It should be universally known today, but isn't, that those who
had the chance to listen to the original multi-tracks of the first Doors album
have talked about it sounding as if recorded by a "garage band":
quite "meh", sounding nothing at all like the Doors first album we
all know and love.
It appears that "something" happened. Quite likely, a
"valve" treatment, and the addition of more echo, compression, and
the like. Which is quite apparent, provided one listens the "right"
way, forgetting about such things as "an album recorded live in the
studio"; which the group obviously did, but things did not stop there.

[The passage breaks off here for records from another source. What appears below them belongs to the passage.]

definition S_sub :: "'a set \<Rightarrow> ('a \<times> 'a \<Rightarrow> 'a \<times> 'a) \<Rightarrow> 'a set \<Rightarrow> 'a list set set" where
  "S_sub X r Y = {s \<in> mon X r. \<forall>y\<in>Y. s \<in> left_mult_set X r y}"

definition S_idx :: "'a set \<Rightarrow> ('a \<times> 'a \<Rightarrow> 'a \<times> 'a) \<Rightarrow> nat \<Rightarrow> 'a list set set" where
  "S_idx X r i = \<Union> {S_sub X r Y | Y. Y \<subseteq> X \<and> card Y = i}"

definition power_set_prod :: "'a set \<Rightarrow> ('a \<times> 'a \<Rightarrow> 'a \<times> 'a) \<Rightarrow> 'a list \<Rightarrow> 'a list set set" where
  "power_set_prod X r ys = {cls X r (concat (map2 replicate as ys)) | as. length as = length ys}"

text \<open>Growth function of S with respect to X: number of elements of word length at most d.
  This equals dim_K V^d for the standard generating subspace V = K + KX of K[S].\<close>
definition growth :: "'a set \<Rightarrow> ('a \<times> 'a \<Rightarrow> 'a \<times> 'a) \<Rightarrow> nat \<Rightarrow> nat" where
  "growth X r d = card {cls X r w | w. w \<in> lists X \<and> length w \<le> d}"

text \<open>Gelfand-Kirillov dimension of the monoid algebra K[S] (independent of the field K):
  limsup of log(dim V^d)/log d.\<close>
definition GK_monoid_algebra :: "'a set \<Rightarrow> ('a \<times> 'a \<Rightarrow> 'a \<times> 'a) \<Rightarrow> ereal" where
  "GK_monoid_algebra X r = limsup (\<lambda>d. ereal (ln (real (growth X r d)) / ln (real d)))"

end

theory Submission
  imports Defs
begin

text \<open>For a word w let I(w) be the set of letters y with [w] \<in> yS, so that [w] lies in
  S_Y iff Y \<subseteq> I(w). For x \<in> X the first-letter map \<sigma> y = fst (r (x, y)) is a
  bijection of X fixing x, and it sends I(w) into I(xw); hence |I(w) \<union> {x}| \<le> |I(xw)|.
  So |I(w)| never decreases under left or right multiplication, which makes every
  S_i = {[w]. i \<le> |I(w)|} an ideal. The same inequality drives a normal form: for w = yt
  either y \<in> I(t), and then w = yyt' with yt' shorter than w, or |I(t)| < |I(w)|. By
  induction every w equals a product y_1^a_1 ... y_k^a_k with k \<le> |I(w)| \<le> n, and
  counting these products bounds the growth of S by a polynomial of degree n.\<close>

subsection \<open>The word congruence\<close>

lemma skew_type_finite: "skew_type X r \<Longrightarrow> finite X"
  unfolding skew_type_def by blast

lemma skew_type_diag: "skew_type X r \<Longrightarrow> a \<in> X \<Longrightarrow> r (a, a) = (a, a)"
  unfolding skew_type_def by blast

lemma skew_type_partner_mem:
  assumes "skew_type X r" "a \<in> X" "b \<in> X" "a \<noteq> b"
  shows "fst (r (a, b)) \<in> X" "snd (r (a, b)) \<in> X"
  using assms unfolding skew_type_def by blast+

lemma one_step_lists:
  assumes "skew_type X r" "(u, v) \<in> one_step X r"
  shows "u \<in> lists X" "v \<in> lists X"
  using assms(2) skew_type_partner_mem[OF assms(1)] unfolding one_step_def by auto

lemma word_eq_lists:
  assumes "skew_type X r" "(u, v) \<in> word_eq X r" "u \<in> lists X"
  shows "v \<in> lists X"
  using assms(2,3) unfolding word_eq_def
  by (induct rule: rtrancl_induct) (auto dest: one_step_lists[OF assms(1)])

lemma word_eq_length:
  assumes "(u, v) \<in> word_eq X r"
  shows "length u = length v"
  using assms unfolding word_eq_def one_step_def
  by (induct rule: rtrancl_induct) auto

lemma equiv_word_eq: "equiv UNIV (word_eq X r)"
  unfolding word_eq_def
  by (simp add: equiv_def refl_rtrancl sym_rtrancl sym_Un_converse trans_rtrancl)

lemma word_eq_refl: "(u, u) \<in> word_eq X r"
  unfolding word_eq_def by simp

lemma word_eq_sym: "(u, v) \<in> word_eq X r \<Longrightarrow> (v, u) \<in> word_eq X r"
  using equiv_word_eq[of X r] unfolding equiv_def by (blast dest: symD)

lemma word_eq_trans:
  "(u, v) \<in> word_eq X r \<Longrightarrow> (v, w) \<in> word_eq X r \<Longrightarrow> (u, w) \<in> word_eq X r"
  unfolding word_eq_def by (rule rtrancl_trans)

lemma cls_eq_iff: "cls X r u = cls X r v \<longleftrightarrow> (u, v) \<in> word_eq X r"
  unfolding cls_def by (rule eq_equiv_class_iff[OF equiv_word_eq UNIV_I UNIV_I])

lemma one_step_context:
  assumes "(u, v) \<in> one_step X r" "p \<in> lists X" "q \<in> lists X"
  shows "(p @ u @ q, p @ v @ q) \<in> one_step X r"
proof -
  from assms(1) obtain u0 v0 a b where
    "u = u0 @ [a, b] @ v0" "v = u0 @ [fst (r (a, b)), snd (r (a, b))] @ v0"
    "u0 \<in> lists X" "v0 \<in> lists X" "a \<in> X" "b \<in> X" "a \<noteq> b"
    unfolding one_step_def by blast
  with assms(2,3) show ?thesis
    unfolding one_step_def by (intro CollectI exI[of _ "p @ u0"] exI[of _ "v0 @ q"]) auto
qed

lemma word_eq_context:
  assumes "(u, v) \<in> word_eq X r" "p \<in> lists X" "q \<in> lists X"
  shows "(p @ u @ q, p @ v @ q) \<in> word_eq X r"
  using assms(1) unfolding word_eq_def
proof (induct rule: rtrancl_induct)
  case (step v w)
  then have "(p @ v @ q, p @ w @ q) \<in> one_step X r \<union> (one_step X r)\<inverse>"
    using one_step_context[OF _ assms(2,3)] by blast
  with step.hyps(3) show ?case by (rule rtrancl_into_rtrancl)
qed simp

lemma word_eq_Cons: "(u, v) \<in> word_eq X r \<Longrightarrow> x \<in> X \<Longrightarrow> (x # u, x # v) \<in> word_eq X r"
  using word_eq_context[of u v X r "[x]" "[]"] by simp

lemma word_eq_append: "(u, v) \<in> word_eq X r \<Longrightarrow> w \<in> lists X \<Longrightarrow> (u @ w, v @ w) \<in> word_eq X r"
  using word_eq_context[of u v X r "[]" w] by simp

It's interesting to notice that Bruce Botnick - the sound engineer
who worked on all the Doors' albums, and that after the death of producer Paul
Rothchild acts as the de facto narrator of the group's discography - never
talks about this in the episode in the Classic Tracks series dedicated to the
Doors first album.
Quite strange, this, the mood of Strange Days - recorded in the
same studio as the first album, but on a brand-new eight-track tape recorder
(the standard of the time still being four-track) - is not as joyous and exuberant
as one would expect from a group that just had a smash hit and was touring the
States playing in front of large crowds, their image as the "champions of
the counterculture" still intact.
The sense of alienation one hears in People Are Strange - a
stripped-down ballad, meticulously organized as per the group's style, with a
perfect sense of understatement - sounds almost horror-style in the line
"Faces come out of the rain"; the sudden apparition of multiple voices
at the song's end makes its sinister quality even more apparent.
(Those who like to hear those instances where one's performance
clearly shows what separates the men from the boys are invited to listen to the
brief "lag" on the part of the drums after the pause following the
guitar solo, in order not to crowd the singer's entrance.)

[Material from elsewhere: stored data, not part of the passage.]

(* Let $\langle \mathbf{A},\{N_x\}_{x\in A}\rangle$ be a complete saturated $C_\omega$-structure, and let $\mathbf{V}^{\langle \mathbf{A},N\rangle}$ be a standard Leibniz model over it. Then $\mathbf{V}^{\langle \mathbf{A},N\rangle}$ verifies the Leibniz law: for every formula $\varphi(x)$ of $\mathcal{L}_{\langle \mathbf{A},N\rangle}$ with one free variable $x$ and all $u,v\in \mathbf{V}^{\langle \mathbf{A},N\rangle}$, $$\|u\approx v\|\wedge\|\varphi(u)\|\le\|\varphi(v)\|,$$ equivalently $\|(u\approx v\wedge\varphi(u))\to\varphi(v)\|=1$.
   Context: A generalized Heyting algebra is a distributive lattice $\langle B,\vee,\wedge,1\rangle$ with greatest element $1$ and a binary operation $\to$ such that $a\to b$ is the greatest $c$ with $a\wedge c\le b$. A $C_\omega$-structure is a pair $\langle \mathbf{A},\{N_x\}_{x\in A}\rangle$ where $\mathbf{A}$ is a generalized Heyting algebra and each $N_x\subseteq A$, such that (i) for every $x\in A$ there is $x'\in N_x$ with $x\vee x'=1$, and (ii) for every $x'\in N_x$ there is $x''\in N_{x'}$ with $x''\le x$. It is complete if $\mathbf{A}$ is a complete lattice (then $\mathbf{A}$ has a least element $0$ and is a complete Heyting algebra), and saturated if $N_x=\{y\in A: x\vee y=1\}$ for every $x\in A$ (so $1\in N_x$ for all $x$ and $N_1=A$). Fix a model $\mathbf{V}$ of set theory. By transfinite recursion let $\mathbf{V}^{\langle \mathbf{A},N\rangle}_\xi$ be the set of all functions $x$ with $\mathrm{ran}(x)\subseteq A$ and $\mathrm{dom}(x)\subseteq\mathbf{V}^{\langle \mathbf{A},N\rangle}_\zeta$ for some $\zeta<\xi$, and $\mathbf{V}^{\langle \mathbf{A},N\rangle}=\bigcup_\xi\mathbf{V}^{\langle \mathbf{A},N\rangle}_\xi$. The language $\mathcal{L}_{\langle \mathbf{A},N\rangle}$ is first-order with connectives $\wedge,\vee,\to,\neg$, quantifiers $\exists,\forall$, binary predicates $\in,\approx$, and a constant for each element of $\mathbf{V}^{\langle \mathbf{A},N\rangle}$. A truth-value map $\|\cdot\|$ from sentences to $A$ satisfies: $\|u\in v\|=\bigvee_{x\in\mathrm{dom}(v)}(v(x)\wedge\|x\approx u\|)$; $\|u\approx v\|=\bigwedge_{x\in\mathrm{dom}(u)}(u(x)\to\|x\in v\|)\wedge\bigwedge_{x\in\mathrm{dom}(v)}(v(x)\to\|x\in u\|)$; $\|\varphi\#\psi\|=\|\varphi\|\#\|\psi\|$ for $\#\in\{\wedge,\vee,\to\}$; $\|\neg\alpha\|\in N_{\|\alpha\|}$ and $\|\neg\neg\alpha\|\le\|\alpha\|$; $\|\exists x\varphi\|=\bigvee_{u\in\mathbf{V}^{\langle \mathbf{A},N\rangle}}\|\varphi(u)\|$, $\|\forall x\varphi\|=\bigwedge_{u\in\mathbf{V}^{\langle \mathbf{A},N\rangle}}\|\varphi(u)\|$. A standard Leibniz model over a complete saturated $C_\omega$-structure is $\mathbf{V}^{\langle \mathbf{A},N\rangle}$ with the truth-value map of this kind in which, for every sentence $\psi$ not of the form $\neg\phi$, $\|\neg\psi\|=1$ and $\|\neg\neg\psi\|=\|\psi\|$; consequently, if $\psi$ (not of the form $\neg\phi$) is preceded by an odd number of negations the value is $1$, and by an even number the value is $\|\psi\|$. *)

theory Defs
  imports Main
begin

text \<open>The algebra A is the whole carrier of a type 'a of class complete_lattice.
  The Heyting implication a -> b is the greatest c with a meet c below b.\<close>

definition himp :: "'a::complete_lattice \<Rightarrow> 'a \<Rightarrow> 'a" where
  "himp a b = Sup {c. inf a c \<le> b}"

definition gen_heyting :: "'a::complete_lattice itself \<Rightarrow> bool" where
  "gen_heyting _ \<longleftrightarrow>
     (\<forall>a b c::'a. inf a (sup b c) = sup (inf a b) (inf a c)) \<and>
     (\<forall>a b::'a. inf a (himp a b) \<le> b)"

definition C_omega :: "('a::complete_lattice \<Rightarrow> 'a set) \<Rightarrow> bool" where
  "C_omega N \<longleftrightarrow> gen_heyting TYPE('a) \<and>
     (\<forall>x. \<exists>x'\<in>N x. sup x x' = top) \<and>
     (\<forall>x. \<forall>x'\<in>N x. \<exists>x''\<in>N x'. x'' \<le> x)"

definition saturated :: "('a::complete_lattice \<Rightarrow> 'a set) \<Rightarrow> bool" where
  "saturated N \<longleftrightarrow> (\<forall>x. N x = {y. sup x y = top})"

text \<open>A system of names: a set U of names; each name u is a function with
  domain dm u (a set of names) and values val u x in A.  The membership
  relation "x in dm u" is well-founded (the hierarchy V_xi).\<close>

definition name_system :: "'n set \<Rightarrow> ('n \<Rightarrow> 'n set) \<Rightarrow> ('n \<Rightarrow> 'n \<Rightarrow> 'a) \<Rightarrow> bool" where
  "name_system U dm val \<longleftrightarrow>
     (\<forall>u\<in>U. dm u \<subseteq> U) \<and> wf {(x, u). u \<in> U \<and> x \<in> dm u}"

datatype 'n trm = Var nat | Cst 'n

datatype 'n fm =
    Mem "'n trm" "'n trm"
  | Eqv "'n trm" "'n trm"
  | Conj "'n fm" "'n fm"
  | Disj "'n fm" "'n fm"
  | Impl "'n fm" "'n fm"
  | Neg "'n fm"
  | Ex nat "'n fm"
  | All nat "'n fm"

fun tvars :: "'n trm \<Rightarrow> nat set" where
  "tvars (Var i) = {i}" | "tvars (Cst _) = {}"

fun tconsts :: "'n trm \<Rightarrow> 'n set" where
  "tconsts (Var _) = {}" | "tconsts (Cst c) = {c}"

fun freevars :: "'n fm \<Rightarrow> nat set" where
  "freevars (Mem s t) = tvars s \<union> tvars t"
| "freevars (Eqv s t) = tvars s \<union> tvars t"
| "freevars (Conj p q) = freevars p \<union> freevars q"
| "freevars (Disj p q) = freevars p \<union> freevars q"
| "freevars (Impl p q) = freevars p \<union> freevars q"
| "freevars (Neg p) = freevars p"
| "freevars (Ex i p) = freevars p - {i}"
| "freevars (All i p) = freevars p - {i}"

fun fconsts :: "'n fm \<Rightarrow> 'n set" where
  "fconsts (Mem s t) = tconsts s \<union> tconsts t"
| "fconsts (Eqv s t) = tconsts s \<union> tconsts t"
| "fconsts (Conj p q) = fconsts p \<union> fconsts q"
| "fconsts (Disj p q) = fconsts p \<union> fconsts q"
| "fconsts (Impl p q) = fconsts p \<union> fconsts q"
| "fconsts (Neg p) = fconsts p"
| "fconsts (Ex i p) = fconsts p"
| "fconsts (All i p) = fconsts p"

fun tsubst :: "nat \<Rightarrow> 'n \<Rightarrow> 'n trm \<Rightarrow> 'n trm" where
  "tsubst x u (Var i) = (if i = x then Cst u else Var i)"
| "tsubst x u (Cst c) = Cst c"

fun subst :: "nat \<Rightarrow> 'n \<Rightarrow> 'n fm \<Rightarrow> 'n fm" where
  "subst x u (Mem s t) = Mem (tsubst x u s) (tsubst x u t)"
| "subst x u (Eqv s t) = Eqv (tsubst x u s) (tsubst x u t)"
| "subst x u (Conj p q) = Conj (subst x u p) (subst x u q)"
| "subst x u (Disj p q) = Disj (subst x u p) (subst x u q)"
| "subst x u (Impl p q) = Impl (subst x u p) (subst x u q)"
| "subst x u (Neg p) = Neg (subst x u p)"
| "subst x u (Ex i p) = (if i = x then Ex i p else Ex i (subst x u p))"
| "subst x u (All i p) = (if i = x then All i p else All i (subst x u p))"

definition sentence :: "'n set \<Rightarrow> 'n fm \<Rightarrow> bool" where
  "sentence U p \<longleftrightarrow> freevars p = {} \<and> fconsts p \<subseteq> U"

fun is_neg :: "'n fm \<Rightarrow> bool" where
  "is_neg (Neg _) = True" | "is_neg _ = False"

definition truth_map ::
  "('a::complete_lattice \<Rightarrow> 'a set) \<Rightarrow> 'n set \<Rightarrow> ('n \<Rightarrow> 'n set) \<Rightarrow> ('n \<Rightarrow> 'n \<Rightarrow> 'a)
   \<Rightarrow> ('n fm \<Rightarrow> 'a) \<Rightarrow> bool" where
  "truth_map N U dm val tv \<longleftrightarrow>
     (\<forall>u\<in>U. \<forall>v\<in>U. tv (Mem (Cst u) (Cst v)) =
         (SUP x\<in>dm v. inf (val v x) (tv (Eqv (Cst x) (Cst u))))) \<and>
     (\<forall>u\<in>U. \<forall>v\<in>U. tv (Eqv (Cst u) (Cst v)) =
         inf (INF x\<in>dm u. himp (val u x) (tv (Mem (Cst x) (Cst v))))
             (INF x\<in>dm v. himp (val v x) (tv (Mem (Cst x) (Cst u))))) \<and>
     (\<forall>p q. sentence U p \<longrightarrow> sentence U q \<longrightarrow>
         tv (Conj p q) = inf (tv p) (tv q) \<and>
         tv (Disj p q) = sup (tv p) (tv q) \<and>
         tv (Impl p q) = himp (tv p) (tv q)) \<and>
     (\<forall>p. sentence U p \<longrightarrow> tv (Neg p) \<in> N (tv p) \<and> tv (Neg (Neg p)) \<le> tv p) \<and>
     (\<forall>i p. sentence U (Ex i p) \<longrightarrow> tv (Ex i p) = (SUP u\<in>U. tv (subst i u p))) \<and>
     (\<forall>i p. sentence U (All i p) \<longrightarrow> tv (All i p) = (INF u\<in>U. tv (subst i u p)))"

definition standard_leibniz ::
  "('a::complete_lattice \<Rightarrow> 'a set) \<Rightarrow> 'n set \<Rightarrow> ('n \<Rightarrow> 'n set) \<Rightarrow> ('n \<Rightarrow> 'n \<Rightarrow> 'a)
   \<Rightarrow> ('n fm \<Rightarrow> 'a) \<Rightarrow> bool" where
  "standard_leibniz N U dm val tv \<longleftrightarrow>
     C_omega N \<and> saturated N \<and> name_system U dm val \<and> truth_map N U dm val tv \<and>
     (\<forall>p n. sentence U p \<longrightarrow> \<not> is_neg p \<longrightarrow>
        tv ((Neg ^^ n) p) = (if odd n then top else tv p))"

end

theory Submission
  imports Defs
begin

text \<open>By well-founded induction on names, the value of \<open>\<approx>\<close> is reflexive, symmetric and
  transitive, and \<open>\<in>\<close> respects it on both sides; the key tool is the infinite distributivity
  \<open>a \<sqinter> \<Squnion>S = \<Squnion>{a \<sqinter> s | s \<in> S}\<close>, which holds because \<open>a \<sqinter> -\<close> has the right adjoint \<open>a \<rightarrow> -\<close>.
  The Leibniz law then follows by induction on the size of the formula: conjunction,
  disjunction and the quantifiers are monotone, the antecedent of an implication is handled
  by symmetry of \<open>\<approx>\<close>, and in a standard Leibniz model a formula \<open>\<not>\<^sup>n\<psi>\<close> has value \<open>1\<close> or
  \<open>\<parallel>\<psi>\<parallel>\<close>, so negations reduce to the smaller formula \<open>\<psi>\<close>.\<close>

lemma himp_greatest: "inf a c \<le> b \<Longrightarrow> c \<le> himp a b"
  unfolding himp_def by (rule Sup_upper) simp

lemma gen_heyting_inf_himp_le:
  "gen_heyting TYPE('a::complete_lattice) \<Longrightarrow> inf (a::'a) (himp a b) \<le> b"
  unfolding gen_heyting_def by blast

lemma gen_heyting_inf_sup_distrib:
  "gen_heyting TYPE('a::complete_lattice) \<Longrightarrow> inf (a::'a) (sup b c) = sup (inf a b) (inf a c)"
  unfolding gen_heyting_def by blast

lemma gen_heyting_inf_SUP_le:
  assumes "gen_heyting TYPE('a::complete_lattice)"
  shows "inf (a::'a) (SUP x\<in>S. f x) \<le> (SUP x\<in>S. inf a (f x))"
proof -
  have "(SUP x\<in>S. f x) \<le> himp a (SUP x\<in>S. inf a (f x))"
    by (intro SUP_least himp_greatest SUP_upper)
  then have "inf a (SUP x\<in>S. f x) \<le> inf a (himp a (SUP x\<in>S. inf a (f x)))"
    by (rule inf_mono[OF order_refl])
  also have "\<dots> \<le> (SUP x\<in>S. inf a (f x))"
    using assms by (rule gen_heyting_inf_himp_le)
  finally show ?thesis .
qed

lemma tsubst_simps [simp]:
  "tvars (tsubst x u t) = tvars t - {x}"
  "x \<notin> tvars t \<Longrightarrow> tsubst x u t = t"
  "size (tsubst x u t) = size t"
  by (cases t; auto)+

lemma subst_freevars: "freevars (subst x u p) = freevars p - {x}"
  by (induction p) auto

lemma subst_fconsts: "fconsts (subst x u p) \<subseteq> fconsts p \<union> {u}"
proof (induction p)
  case (Mem s t) then show ?case by (cases s; cases t) auto
next
  case (Eqv s t) then show ?case by (cases s; cases t) auto
qed auto

lemma subst_sentence:
  "freevars p \<subseteq> {x} \<Longrightarrow> fconsts p \<subseteq> U \<Longrightarrow> w \<in> U \<Longrightarrow> sentence U (subst x w p)"
  unfolding sentence_def using subst_freevars[of x w p] subst_fconsts[of x w p] by auto

lemma subst_not_free: "x \<notin> freevars p \<Longrightarrow> subst x u p = p"
  by (induction p) auto

lemma subst_commute: "i \<noteq> x \<Longrightarrow> subst i w (subst x u p) = subst x u (subst i w p)"
proof (induction p)
  case (Mem s t) then show ?case by (cases s; cases t) auto
next
  case (Eqv s t) then show ?case by (cases s; cases t) auto
qed auto

lemma size_subst: "size (subst x u p) = size p"
  by (induction p) auto

lemma subst_Neg_funpow: "subst x u ((Neg ^^ n) q) = (Neg ^^ n) (subst x u q)"
  by (induction n) auto

lemma is_neg_subst: "is_neg (subst x u q) = is_neg q"
  by (cases q) auto

lemma Neg_funpow_simps [simp]:
  "freevars ((Neg ^^ n) q) = freevars q"
  "fconsts ((Neg ^^ n) q) = fconsts q"
  "size ((Neg ^^ n) q) = size q + n"
  by (induction n) auto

Strange Days (the song) adopts the same strategy as Light My Fire:
a Latin rhythm (a rhumba?), featuring the toms, gives way to a high-sounding,
marching-style, snare (with a rhythm that old sheet music, in the language of
the time, defined as "hard rock"), during those instrumental moments
that connect the song verses. But here, after the organ intro, the mood is of a
state of tension that comes before one decides to run. Just listen to "As
we run from the day/To a strange night of stone": a passage whose tension
is anticipated and underlined by the "movement" of the bass drum,
which is scarcely audible in the rest of the song.
My story about the album Strange Days doesn't end here, though. As
many Italian readers already know, the majority of the Italian releases of that
time did not consider the fact of resembling the original version of those
albums too seriously, with results that were at times quite repellent - who remembers
the girl with the mini-skirt and boots that for Italian people was the cover of
Green River by Creedence Clearwater Revival?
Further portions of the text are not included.